A senator from Iowa is trying to pass a bill that will give the IRS a $2 million budget to go after unlawful sex workers, in this case, unlawful being girls who don’t pay taxes. Fair enough; although why the IRS needs a special office for this is beyond me.

The bill also wants the IRS to go after pimps, especially pimps who don’t files taxes and don’t submit W-2s on the women they manage. The idea of pimps having to file W-2s on women that they refer to as “hos” (among other choice words) is hilarious. Of course, as part of filing a W-2, they would then have to declare their small business income and expenses. Wonder if diamonds and gold are deductible as business expenses?

But then the bill recommends extra jail time for the girls. There’s the rub. Jailing girls for breaking local laws is one thing and the jail terms for such offenses are set by local ordinances. Anyone who breaks tax laws and goes to jail already has the jail term set by federal tax laws. Adding jail time because the tax offender was a sex worker? Just a little biased, I think.

Should this bill pass, I can already see the effect. There will be some pimps busted, probably with a media circus. But there will be lots of girls, many who may not be associated with pimps, quietly sent to jail for longer terms than the usual tax offender simply because of their job. Historically, any time laws are passed to regulate the adult industry, the women bear the brunt of it. Laws passed to “protect” the women end up harrassing them and making their lives miserable.

The good senator also seems to be believe that this bill will help “…track the money flowing in this industry to get at potential criminals.” Potential criminals? Potential in what way? And what crimes would they potentially commit? 

I ask these questions beause this bill could easily be used to torment plenty of women at all levels of the adult industry (legal and grey area), and possibly end up harrassing women who aren’t in the adult industry at all but aren’t proper tax citizens (for whatever reason). Then it becomes about gender, not about criminality. Jailing someone because she’s lax about her taxes and happens to have a pussy is not a good way to run things (yes, I’m imagining things and no, I don’t believe this scenario is too far-fetched).

On the surface, this bill seems like a step in the right direction to legitimize all sex work in this country. I lack faith in its effects, though.

FYI–According to a CPA I talked to who’s prepared taxes for many girls in the adult industry, it is not illegal for a girl to file her taxes as a prositute (or whatever term she wants to use). The IRS does not care what profession you use to earn a living. All they care about is whether or not you pay your taxes. This bill is supposed to make it easier for the IRS to pursue people in the adult industry that they believe aren’t paying their taxes properly.

One thought on “IRS may start going after sex workers

  1. Don’t forget that the IRS finally got Al Capone for tax evasion.

    I don’t see how this is any different than any other tax evasion that they can stick an extra penalty for being a prostitute or pimp.
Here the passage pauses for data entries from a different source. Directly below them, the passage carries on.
lemma path_drop: "path X d xs \<Longrightarrow> k < length xs \<Longrightarrow> path X d (drop k xs)"
  unfolding path_def using walk_drop ridges_drop distinct_drop by metis
lemma path_take: "path X d xs \<Longrightarrow> 0 < k \<Longrightarrow> path X d (take k xs)"
  unfolding path_def using walk_take ridges_take distinct_take by metis
lemma path_appendD1: assumes "path X d (xs @ ys)" "xs \<noteq> []" shows "path X d xs"
  using path_take[OF assms(1), of "length xs"] assms(2) by simp
lemma path_appendD2: assumes "path X d (xs @ ys)" "ys \<noteq> []" shows "path X d ys"
  using path_drop[OF assms(1), of "length xs"] assms(2) by simp

lemma path_Cons2: "path X d (a # b # xs) \<longleftrightarrow> a \<in> F \<and> card (a \<inter> b) = d \<and> path X d (b # xs) \<and> a \<inter> b \<notin> set (ridges (b # xs))"
  unfolding path_def walk_Cons2 by auto

lemma path_walk: "path X d xs \<Longrightarrow> walk X d xs" by (simp add: path_def)

end

section \<open>Paths in a stacked complex are unique\<close>

context stacked_complex begin

definition stacking_order :: "'a set list \<Rightarrow> bool" where
  "stacking_order Fs \<longleftrightarrow> Fs \<noteq> [] \<and> distinct Fs \<and> set Fs = F \<and>
     (\<forall>p. 0 < p \<and> p < length Fs \<longrightarrow>
        (\<exists>v. Fs ! p - \<Union>(set (take p Fs)) = {v} \<and> (\<exists>j<p. Fs ! p - {v} \<subseteq> Fs ! j)))"

lemma stacking_order_exists: "\<exists>Fs. stacking_order Fs"
  using st unfolding stacked_def stacking_order_def by blast

lemma stacking_order_nth: "stacking_order Fs \<Longrightarrow> p < length Fs \<Longrightarrow> Fs ! p \<in> F"
  unfolding stacking_order_def by (metis nth_mem)

lemma stacking_order_index: "stacking_order Fs \<Longrightarrow> f \<in> F \<Longrightarrow> \<exists>p<length Fs. Fs ! p = f"
  unfolding stacking_order_def by (metis in_set_conv_nth)

lemma stacking_order_nth_inj:
  "stacking_order Fs \<Longrightarrow> p < length Fs \<Longrightarrow> q < length Fs \<Longrightarrow> Fs ! p = Fs ! q \<Longrightarrow> p = q"
  unfolding stacking_order_def using nth_eq_iff_index_eq by blast
lemma induced_aut_mult:
  assumes "a \<in> stab" "b \<in> stab"
  shows "induced_aut (carrier Q) (a \<otimes>\<^bsub>AutoGroup G\<^esub> b) =
         induced_aut (carrier Q) a \<otimes>\<^bsub>AutoGroup Q\<^esub> induced_aut (carrier Q) b"
proof -
  have ab: "a \<in> auto G" "b \<in> auto G" "(\<lambda>C. b ` C) ` carrier Q = carrier Q"
    using assms by (auto simp: aut_stabilizer_def)
  have "induced_aut (carrier Q) (a \<otimes>\<^bsub>AutoGroup G\<^esub> b) =
        compose (carrier Q) (induced_aut (carrier Q) a) (induced_aut (carrier Q) b)"
  proof
    fix C
    show "induced_aut (carrier Q) (a \<otimes>\<^bsub>AutoGroup G\<^esub> b) C =
          compose (carrier Q) (induced_aut (carrier Q) a) (induced_aut (carrier Q) b) C"
    proof (cases "C \<in> carrier Q")
      case True
      then have "b ` C \<in> carrier Q" "C \<subseteq> carrier G" using ab(3) carrier_subsets by blast+
      then show ?thesis
        using True by (simp add: induced_aut_def compose_def image_AutoGroup_mult[OF ab(1,2)])
    qed (simp add: induced_aut_def compose_def)
  qed
  then show ?thesis
    using assms by (simp add: AutoGroup_mult induced_aut_in_auto)
qed

lemma group_hom_induced_aut:
  "group_hom (AutoGroup G\<lparr>carrier := stab\<rparr>) (AutoGroup Q) (induced_aut (carrier Q))"
proof -
  have "induced_aut (carrier Q) \<in> hom (AutoGroup G\<lparr>carrier := stab\<rparr>) (AutoGroup Q)"
    using induced_aut_in_auto induced_aut_mult by (auto simp: hom_def)
  moreover have "group (AutoGroup G\<lparr>carrier := stab\<rparr>)"
    using group.subgroup_imp_group[OF G.AutoGroup subgroup_stab] .
  ultimately show ?thesis
    using Q.AutoGroup by (simp add: group_hom_def group_hom_axioms_def)
qed

lemma stab_induced_aut_eqI:
  assumes "a \<in> auto G" "f \<in> auto Q" "\<And>C. C \<in> carrier Q \<Longrightarrow> a ` C = f C"
  shows "a \<in> stab" and "induced_aut (carrier Q) a = f"
proof -
  have f: "f \<in> extensional (carrier Q)" "f ` carrier Q = carrier Q"
    using assms(2) by (auto simp: auto_def Bij_def bij_betw_def)
  have "(\<lambda>C. a ` C) ` carrier Q = f ` carrier Q"
    using assms(3) by (rule image_cong[OF refl])
  then show "a \<in> stab" using assms(1) f(2) by (simp add: aut_stabilizer_def)
  show "induced_aut (carrier Q) a = f"
    unfolding induced_aut_def using assms(3) by (intro extensionalityI[OF _ f(1)]) auto
qed

lemma induced_aut_aut_conj:
  assumes "a \<in> stab" "inner_aut G g \<in> stab"
    and "induced_aut (carrier Q) (inner_aut G g) = inner_aut Q C"
  shows "aut_conj G a g \<in> stab"
    and "induced_aut (carrier Q) (aut_conj G a g) = aut_conj Q (induced_aut (carrier Q) a) C"
proof -
  let ?A = "AutoGroup G" and ?i = "inner_aut G g" and ?\<phi> = "induced_aut (carrier Q)"
  interpret \<phi>: group_hom "?A\<lparr>carrier := stab\<rparr>" "AutoGroup Q" ?\<phi>
    by (rule group_hom_induced_aut)
  have inv: "inv\<^bsub>?A\<^esub> ?i = inv\<^bsub>?A\<lparr>carrier := stab\<rparr>\<^esub> ?i"
    using group.m_inv_consistent[OF G.AutoGroup subgroup_stab assms(2)] by simp
  have inv_in: "inv\<^bsub>?A\<^esub> ?i \<in> stab" by (rule subgroup.m_inv_closed[OF subgroup_stab assms(2)])
  have "inv\<^bsub>?A\<^esub> ?i \<otimes>\<^bsub>?A\<^esub> a \<in> stab" by (rule subgroup.m_closed[OF subgroup_stab inv_in assms(1)])
  then show "aut_conj G a g \<in> stab"
    unfolding aut_conj_def by (rule subgroup.m_closed[OF subgroup_stab _ assms(2)])
  have "?\<phi> (aut_conj G a g) = ?\<phi> (inv\<^bsub>?A\<^esub> ?i) \<otimes>\<^bsub>AutoGroup Q\<^esub> ?\<phi> a \<otimes>\<^bsub>AutoGroup Q\<^esub> ?\<phi> ?i"
    using assms(1,2) inv_in \<phi>.hom_mult \<phi>.G.m_closed unfolding aut_conj_def by simp
  then show "?\<phi> (aut_conj G a g) = aut_conj Q (?\<phi> a) C"
    using assms(2,3) inv \<phi>.hom_inv unfolding aut_conj_def by simp
qed

end

lemma beta_le_if_conjugates_lift:
  assumes "group G" "finite (carrier G)" "subgroup S (AutoGroup G)"
    and "group_hom (AutoGroup G\<lparr>carrier := S\<rparr>) (AutoGroup Q) \<phi>"
    and "\<And>C. C \<in> carrier Q \<Longrightarrow>
           \<exists>g\<in>carrier G. aut_conj G x g \<in> S \<and> \<phi> (aut_conj G x g) = aut_conj Q y C"
  shows "beta r G x \<le> beta r Q y"
proof -
  obtain lift where lift: "\<And>C. C \<in> carrier Q \<Longrightarrow>
      lift C \<in> carrier G \<and> aut_conj G x (lift C) \<in> S \<and> \<phi> (aut_conj G x (lift C)) = aut_conj Q y C"
    using assms(5) by metis
  have finite_S: "finite S"
    using subgroup.subset[OF assms(3)] finite_auto[OF assms(2)] by (auto intro: finite_subset)
  have "\<exists>gs. length gs = length cs \<and> set gs \<subseteq> carrier G \<and>
            r dvd card (generate (AutoGroup G) (aut_conj G x ` set gs))"
    if cs: "set cs \<subseteq> carrier Q" "r dvd card (generate (AutoGroup Q) (aut_conj Q y ` set cs))" for cs
  proof -
    let ?Y = "aut_conj G x ` set (map lift cs)"
    have "?Y \<subseteq> S" using lift cs(1) by auto
    moreover have "\<phi> ` ?Y = aut_conj Q y ` set cs"
      using lift cs(1) by (force simp: image_image)
    ultimately have "card (generate (AutoGroup Q) (aut_conj Q y ` set cs)) dvd
                     card (generate (AutoGroup G) ?Y)"
      using generate_hom_image_card_dvd[OF group.AutoGroup[OF assms(1)] assms(3) finite_S assms(4)]
      by metis
    then show ?thesis
      using cs lift by (intro exI[of _ "map lift cs"]) (auto intro: dvd_trans)
  qed
  then show ?thesis unfolding beta_def by (intro Inf_superset_mono) blast
qed
(* Under the standing assumptions of the setup, suppose additionally that for some $\delta\ge 0$ and all $(v,w)$, \[ \big|\mathbb{E}(Y^1-Y^0\mid V=v,W=w,E=1)-\mathbb{E}(Y^1-Y^0\mid V=v,E=1)\big|\le\delta . \] Let $\theta(v)=\mu_1(v)-\mu_0(v)$. Then for every $(v,w)$ with $\nu(v,w)>0$, \[ \max\left\{\frac{\theta(v)-(\theta(v)+\delta)(1-\nu(v,w))}{\nu(v,w)},\,\theta(v)-\delta\right\}\le \mathbb{E}(Y^1-Y^0\mid V=v,W=w,E=1)\le \min\left\{\frac{\theta(v)-(\theta(v)-\delta)(1-\nu(v,w))}{\nu(v,w)},\,\theta(v)+\delta\right\}. \]
   Context: Setup: there are random variables $V$, $W$ (taking finitely many values), a population indicator $E\in\{0,1\}$ ($E=1$: study, $E=0$: target), treatment $A\in\{0,1\}$, potential outcomes $Y^1,Y^0\in[a,b]$ a.s., and $Y=Y^A$. Assume $A\perp\!\!\!\perp (Y^0,Y^1)\mid V,E=1$; positivity $\mathbb{P}(A=a'\mid V,W)>0$; (1) $\mathbb{P}(W=w\mid V=v,E=1)=\mathbb{P}(W=w\mid V=v,E=0)$; (2) $\mathbb{E}(Y^1-Y^0\mid V,W,E=1)=\mathbb{E}(Y^1-Y^0\mid V,W,E=0)$. Notation: $\mu_{a'}(v)=\mathbb{E}(Y\mid V=v,A=a',E=1)$, $\nu(v,w)=\mathbb{P}(W=w\mid V=v,E=0)$. (The bounds are those of the worst-case identification result with the extreme values $b-a$ and $a-b$ of $Y^1-Y^0$ replaced by $\theta(v)+\delta$ and $\theta(v)-\delta$.) *)

theory Defs
  imports "HOL-Probability.Probability"
begin

text \<open>Elementary conditioning on an event C of positive probability
  (division convention x / 0 = 0 otherwise).\<close>

definition ev :: "'a measure \<Rightarrow> ('a \<Rightarrow> bool) \<Rightarrow> 'a set" where
  "ev M P = {\<omega> \<in> space M. P \<omega>}"

definition cprob :: "'a measure \<Rightarrow> ('a \<Rightarrow> bool) \<Rightarrow> ('a \<Rightarrow> bool) \<Rightarrow> real" where
  "cprob M P C = measure M (ev M (\<lambda>\<omega>. P \<omega> \<and> C \<omega>)) / measure M (ev M C)"

definition cexp :: "'a measure \<Rightarrow> ('a \<Rightarrow> real) \<Rightarrow> ('a \<Rightarrow> bool) \<Rightarrow> real" where
  "cexp M X C = (\<integral>\<omega>. indicator (ev M C) \<omega> * X \<omega> \<partial>M) / measure M (ev M C)"

definition mu :: "'a measure \<Rightarrow> ('a \<Rightarrow> 'v) \<Rightarrow> ('a \<Rightarrow> bool) \<Rightarrow> ('a \<Rightarrow> bool) \<Rightarrow> ('a \<Rightarrow> real)
    \<Rightarrow> bool \<Rightarrow> 'v \<Rightarrow> real" where
  "mu M V A E Y a' v = cexp M Y (\<lambda>\<omega>. V \<omega> = v \<and> A \<omega> = a' \<and> E \<omega>)"

definition nu :: "'a measure \<Rightarrow> ('a \<Rightarrow> 'v) \<Rightarrow> ('a \<Rightarrow> 'w) \<Rightarrow> ('a \<Rightarrow> bool) \<Rightarrow> 'v \<Rightarrow> 'w \<Rightarrow> real" where
  "nu M V W E v w = cprob M (\<lambda>\<omega>. W \<omega> = w) (\<lambda>\<omega>. V \<omega> = v \<and> \<not> E \<omega>)"

end

theory Submission
  imports Defs
begin

text \<open>Ignorability identifies \<mu>_a(v) with E(Y^a | V = v, E = 1), so \<theta>(v) is the study
  effect at V = v, and transportability of W turns \<nu>(v,w) into the study share of the stratum
  W = w. By the law of total expectation \<theta>(v) is then the share-weighted mean of the stratum
  effects, each of which lies within \<delta> of \<theta>(v); moving all other strata to \<theta>(v) \<plusminus> \<delta>
  gives the extreme values of the effect in stratum w.\<close>

lemma emeasure_distr_density_indicator:
  assumes [measurable]: "g \<in> M \<rightarrow>\<^sub>M N" "D \<in> sets M" "S \<in> sets N"
  shows "emeasure (distr (density M (\<lambda>\<omega>. ennreal (c * indicator D \<omega>))) N g) S
      = ennreal c * emeasure M (g -` S \<inter> space M \<inter> D)"
proof -
  have "g \<in> density M (\<lambda>\<omega>. ennreal (c * indicator D \<omega>)) \<rightarrow>\<^sub>M N"
    by (simp add: measurable_cong_sets[OF sets_density refl])
  then have "emeasure (distr (density M (\<lambda>\<omega>. ennreal (c * indicator D \<omega>))) N g) S
      = (\<integral>\<^sup>+ \<omega>. ennreal (c * indicator D \<omega>) * indicator (g -` S \<inter> space M) \<omega> \<partial>M)"
    by (simp add: emeasure_distr emeasure_density)
  also have "\<dots> = (\<integral>\<^sup>+ \<omega>. ennreal c * indicator (g -` S \<inter> space M \<inter> D) \<omega> \<partial>M)"
    by (intro nn_integral_cong) (auto split: split_indicator)
  finally show ?thesis
    by (simp add: nn_integral_cmult_indicator)
qed

lemma integral_distr_density_indicator:
  fixes h :: "'b \<Rightarrow> real"
  assumes [measurable]: "g \<in> M \<rightarrow>\<^sub>M N" "D \<in> sets M" "h \<in> borel_measurable N" and "c \<ge> 0"
  shows "integral\<^sup>L (distr (density M (\<lambda>\<omega>. ennreal (c * indicator D \<omega>))) N g) h
      = c * (\<integral>\<omega>. indicator D \<omega> * h (g \<omega>) \<partial>M)"
proof -
  have "g \<in> density M (\<lambda>\<omega>. ennreal (c * indicator D \<omega>)) \<rightarrow>\<^sub>M N"
    by (simp add: measurable_cong_sets[OF sets_density refl])
  then have "integral\<^sup>L (distr (density M (\<lambda>\<omega>. ennreal (c * indicator D \<omega>))) N g) h
      = integral\<^sup>L (density M (\<lambda>\<omega>. ennreal (c * indicator D \<omega>))) (\<lambda>\<omega>. h (g \<omega>))"
    by (simp add: integral_distr)
  also have "\<dots> = (\<integral>\<omega>. c * (indicator D \<omega> * h (g \<omega>)) \<partial>M)"
    using \<open>c \<ge> 0\<close> by (subst integral_density) (auto simp: mult.assoc)
  finally show ?thesis by simp
qed

text \<open>The hypothesis says that the pushforwards under g of M restricted to B and to C,
  rescaled by the measures of C and B respectively, coincide.\<close>

lemma integral_indicator_comp_cross_eq:
  fixes g :: "'a \<Rightarrow> 'b" and h :: "'b \<Rightarrow> real"
  assumes "finite_measure M"
    and [measurable]: "g \<in> M \<rightarrow>\<^sub>M N" "B \<in> sets M" "C \<in> sets M" "h \<in> borel_measurable N"
    and cross: "\<And>S. S \<in> sets N \<Longrightarrow>
      measure M (g -` S \<inter> space M \<inter> B) * measure M C = measure M B * measure M (g -` S \<inter> space M \<inter> C)"
  shows "measure M C * (\<integral>\<omega>. indicator B \<omega> * h (g \<omega>) \<partial>M)
       = measure M B * (\<integral>\<omega>. indicator C \<omega> * h (g \<omega>) \<partial>M)"
proof -
  interpret finite_measure M by fact
  let ?law = "\<lambda>c D. distr (density M (\<lambda>\<omega>. ennreal (c * indicator D \<omega>))) N g"
  have "?law (measure M C) B = ?law (measure M B) C"
  proof (rule measure_eqI)
    fix S assume "S \<in> sets (?law (measure M C) B)"
    then have S: "S \<in> sets N" by simp
    have "emeasure (?law (measure M C) B) S
        = ennreal (measure M C * measure M (g -` S \<inter> space M \<inter> B))"
      unfolding emeasure_distr_density_indicator[OF assms(2,3) S]
      by (simp add: emeasure_eq_measure ennreal_mult)
    also have "\<dots> = ennreal (measure M B * measure M (g -` S \<inter> space M \<inter> C))"
      using cross[OF S] by (simp only: mult.commute)
    also have "\<dots> = emeasure (?law (measure M B) C) S"
      unfolding emeasure_distr_density_indicator[OF assms(2,4) S]
      by (simp add: emeasure_eq_measure ennreal_mult)
    finally show "emeasure (?law (measure M C) B) S = emeasure (?law (measure M B) C) S" .
  qed simp
  then show ?thesis
    using integral_distr_density_indicator[OF assms(2,3,5) measure_nonneg]
      integral_distr_density_indicator[OF assms(2,4,5) measure_nonneg]
    by metis
qed

lemma sets_ev: "Measurable.pred M P \<Longrightarrow> ev M P \<in> sets M"
  unfolding ev_def by measurable

lemma ev_Int_space: "ev M P \<inter> space M = ev M P"
  unfolding ev_def by auto

lemma integrable_indicator_ev_mult:
  fixes f :: "'a \<Rightarrow> real"
  assumes "Measurable.pred M P" "integrable M f"
  shows "integrable M (\<lambda>\<omega>. indicator (ev M P) \<omega> * f \<omega>)"
  using integrable_real_mult_indicator[OF sets_ev[OF assms(1)] assms(2)] by (simp add: mult.commute)

lemma cexp_cong:
  assumes "\<And>\<omega>. \<omega> \<in> space M \<Longrightarrow> P \<omega> \<Longrightarrow> X \<omega> = Z \<omega>"
  shows "cexp M X P = cexp M Z P"
  unfolding cexp_def
  by (intro arg_cong2[where f = "(/)"] Bochner_Integration.integral_cong refl)
     (auto simp: ev_def assms split: split_indicator)

lemma cexp_diff:
  fixes X Z :: "'a \<Rightarrow> real"
  assumes "integrable M X" "integrable M Z" "Measurable.pred M P"
  shows "cexp M (\<lambda>\<omega>. X \<omega> - Z \<omega>) P = cexp M X P - cexp M Z P"
  unfolding cexp_def using assms integrable_indicator_ev_mult[OF assms(3)]
  by (simp add: right_diff_distrib Bochner_Integration.integral_diff diff_divide_distrib)

lemma integral_indicator_ev_eq_sum_strata:
  fixes f :: "'a \<Rightarrow> real" and W :: "'a \<Rightarrow> 'w"
  assumes "finite (W ` space M)" "integrable M f" "Measurable.pred M P"
    and [measurable]: "W \<in> M \<rightarrow>\<^sub>M count_space UNIV"
  shows "(\<integral>\<omega>. indicator (ev M P) \<omega> * f \<omega> \<partial>M)
       = (\<Sum>w\<in>W ` space M. \<integral>\<omega>. indicator (ev M (\<lambda>\<omega>. P \<omega> \<and> W \<omega> = w)) \<omega> * f \<omega> \<partial>M)"
proof -
  have "(\<integral>\<omega>. indicator (ev M P) \<omega> * f \<omega> \<partial>M)
      = (\<integral>\<omega>. (\<Sum>w\<in>W ` space M. indicator (ev M (\<lambda>\<omega>. P \<omega> \<and> W \<omega> = w)) \<omega> * f \<omega>) \<partial>M)"
  proof (rule Bochner_Integration.integral_cong[OF refl])
    fix \<omega> assume \<omega>: "\<omega> \<in> space M"
    have "(\<Sum>w\<in>W ` space M. indicator (ev M (\<lambda>\<omega>. P \<omega> \<and> W \<omega> = w)) \<omega> * f \<omega>)
        = (\<Sum>w\<in>W ` space M. if w = W \<omega> then indicator (ev M P) \<omega> * f \<omega> else 0)"
      by (intro sum.cong refl) (auto simp: ev_def \<omega> split: split_indicator)
    also have "\<dots> = indicator (ev M P) \<omega> * f \<omega>"
      using \<omega> assms(1) by (simp only: sum.delta) simp
    finally show "indicator (ev M P) \<omega> * f \<omega>
        = (\<Sum>w\<in>W ` space M. indicator (ev M (\<lambda>\<omega>. P \<omega> \<and> W \<omega> = w)) \<omega> * f \<omega>)" ..
  qed
  also have "\<dots> = (\<Sum>w\<in>W ` space M. \<integral>\<omega>. indicator (ev M (\<lambda>\<omega>. P \<omega> \<and> W \<omega> = w)) \<omega> * f \<omega> \<partial>M)"
    by (intro Bochner_Integration.integral_sum integrable_indicator_ev_mult assms(2))
      (use assms(3) in measurable)
  finally show ?thesis .
qed

lemma integral_indicator_ev_bounds:
  fixes X :: "'a \<Rightarrow> real"
  assumes "finite_measure M" "integrable M X" "Measurable.pred M P"
    and bound: "measure M (ev M P) > 0 \<Longrightarrow> \<bar>cexp M X P - \<theta>\<bar> \<le> \<delta>"
  shows "measure M (ev M P) * (\<theta> - \<delta>) \<le> (\<integral>\<omega>. indicator (ev M P) \<omega> * X \<omega> \<partial>M)
       \<and> (\<integral>\<omega>. indicator (ev M P) \<omega> * X \<omega> \<partial>M) \<le> measure M (ev M P) * (\<theta> + \<delta>)"
proof (cases "measure M (ev M P) > 0")
  case True
  let ?I = "\<integral>\<omega>. indicator (ev M P) \<omega> * X \<omega> \<partial>M"
  have "\<theta> - \<delta> \<le> ?I / measure M (ev M P)" "?I / measure M (ev M P) \<le> \<theta> + \<delta>"
    using bound[OF True] unfolding cexp_def by auto
  then show ?thesis
    using True by (simp add: pos_le_divide_eq pos_divide_le_eq mult.commute[of "measure M (ev M P)"])
next
  case False
  interpret finite_measure M by fact
  have "ev M P \<in> null_sets M"
    using False sets_ev[OF assms(3)] measure_nonneg[of M "ev M P"]
    by (auto simp: emeasure_eq_measure null_sets_def not_less)
  then have "(\<integral>\<omega>. indicator (ev M P) \<omega> * X \<omega> \<partial>M) = 0"
    by (intro integral_eq_zero_AE) (auto dest!: AE_not_in elim!: eventually_mono)
  then show ?thesis using False measure_nonneg[of M "ev M P"] by simp
qed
That’s not really the IRS’s bailywick.

    I would think that the woman could file taxes under “entertainer” and since it is a cash business, she should be okay unless her lifestyle and investments/savings were grossly disproportionate with how much money she claimed.

    The government has been doing all type of nasty things with seizing supposed drug assets and doing so without even a trial. In some cases they did things like confiscate a large amount of cash from some black guy who had to pay lawyers to get it back. I don’t understand how such laws and the RICO statutes don’t violate due process because the assets are seized or frozen before any trial.